Task goal
Return each line of the records below that contains the word "times".

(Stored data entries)
definition inflation :: "('o,'m,'x) addcat_scheme \<Rightarrow> ('m \<times> 'm) set \<Rightarrow> 'm \<Rightarrow> bool" where
  "inflation C E i \<longleftrightarrow> (\<exists>d. (i, d) \<in> E)"

definition deflation :: "('o,'m,'x) addcat_scheme \<Rightarrow> ('m \<times> 'm) set \<Rightarrow> 'm \<Rightarrow> bool" where
  "deflation C E d \<longleftrightarrow> (\<exists>i. (i, d) \<in> E)"

definition is_pushout :: "('o,'m,'x) addcat_scheme \<Rightarrow> 'm \<Rightarrow> 'm \<Rightarrow> 'o \<Rightarrow> 'm \<Rightarrow> 'm \<Rightarrow> bool" where
  "is_pushout C i f P i' f' \<longleftrightarrow> i \<in> mor C \<and> f \<in> mor C \<and> dm C f = dm C i \<and> P \<in> obj C \<and>
     i' \<in> Hom C (cd C f) P \<and> f' \<in> Hom C (cd C i) P \<and> cmp C i' f = cmp C f' i \<and>
     (\<forall>Z\<in>obj C. \<forall>u\<in>Hom C (cd C f) Z. \<forall>v\<in>Hom C (cd C i) Z. cmp C u f = cmp C v i \<longrightarrow>
        (\<exists>!w. w \<in> Hom C P Z \<and> cmp C w i' = u \<and> cmp C w f' = v))"

definition is_pullback :: "('o,'m,'x) addcat_scheme \<Rightarrow> 'm \<Rightarrow> 'm \<Rightarrow> 'o \<Rightarrow> 'm \<Rightarrow> 'm \<Rightarrow> bool" where
  "is_pullback C d f P d' f' \<longleftrightarrow> d \<in> mor C \<and> f \<in> mor C \<and> cd C f = cd C d \<and> P \<in> obj C \<and>
     d' \<in> Hom C P (dm C f) \<and> f' \<in> Hom C P (dm C d) \<and> cmp C f d' = cmp C d f' \<and>
     (\<forall>Z\<in>obj C. \<forall>u\<in>Hom C Z (dm C f). \<forall>v\<in>Hom C Z (dm C d). cmp C f u = cmp C d v \<longrightarrow>
        (\<exists>!w. w \<in> Hom C Z P \<and> cmp C d' w = u \<and> cmp C f' w = v))"

definition exact_structure :: "('o,'m,'x) addcat_scheme \<Rightarrow> ('m \<times> 'm) set \<Rightarrow> bool" where
  "exact_structure C E \<longleftrightarrow>
     (\<forall>(i, d)\<in>E. kc_pair C i d) \<and>
     \<comment> \<open>closed under isomorphisms of short exact sequences\<close>
     (\<forall>(i, d)\<in>E. \<forall>i' d' a b c.
        kc_pair C i' d' \<and> a \<in> Hom C (dm C i) (dm C i') \<and> b \<in> Hom C (cd C i) (cd C i') \<and>
        c \<in> Hom C (cd C d) (cd C d') \<and> iso C a \<and> iso C b \<and> iso C c \<and>
        cmp C i' a = cmp C b i \<and> cmp C d' b = cmp C c d \<longrightarrow> (i', d') \<in> E) \<and>
     \<comment> \<open>[E0], [E0op]\<close>
     (\<forall>X\<in>obj C. deflation C E (idm C X) \<and> inflation C E (idm C X)) \<and>
     \<comment> \<open>[E1], [E1op]\<close>
     (\<forall>d d'. deflation C E d \<and> deflation C E d' \<and> dm C d' = cd C d \<longrightarrow> deflation C E (cmp C d' d)) \<and>
     (\<forall>i i'. inflation C E i \<and> inflation C E i' \<and> dm C i' = cd C i \<longrightarrow> inflation C E (cmp C i' i)) \<and>
     \<comment> \<open>[E2]: pushouts of inflations exist and are inflations\<close>
     (\<forall>i f. inflation C E i \<and> f \<in> mor C \<and> dm C f = dm C i \<longrightarrow>
        (\<exists>P i' f'. is_pushout C i f P i' f' \<and> inflation C E i')) \<and>
     \<comment> \<open>[E2op]: pullbacks of deflations exist and are deflations\<close>
     (\<forall>d f. deflation C E d \<and> f \<in> mor C \<and> cd C f = cd C d \<longrightarrow>
        (\<exists>P d' f'. is_pullback C d f P d' f' \<and> deflation C E d'))"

Answer to the problem
definition inflation :: "('o,'m,'x) addcat_scheme \<Rightarrow> ('m \<times> 'm) set \<Rightarrow> 'm \<Rightarrow> bool" where
definition deflation :: "('o,'m,'x) addcat_scheme \<Rightarrow> ('m \<times> 'm) set \<Rightarrow> 'm \<Rightarrow> bool" where
definition exact_structure :: "('o,'m,'x) addcat_scheme \<Rightarrow> ('m \<times> 'm) set \<Rightarrow> bool" where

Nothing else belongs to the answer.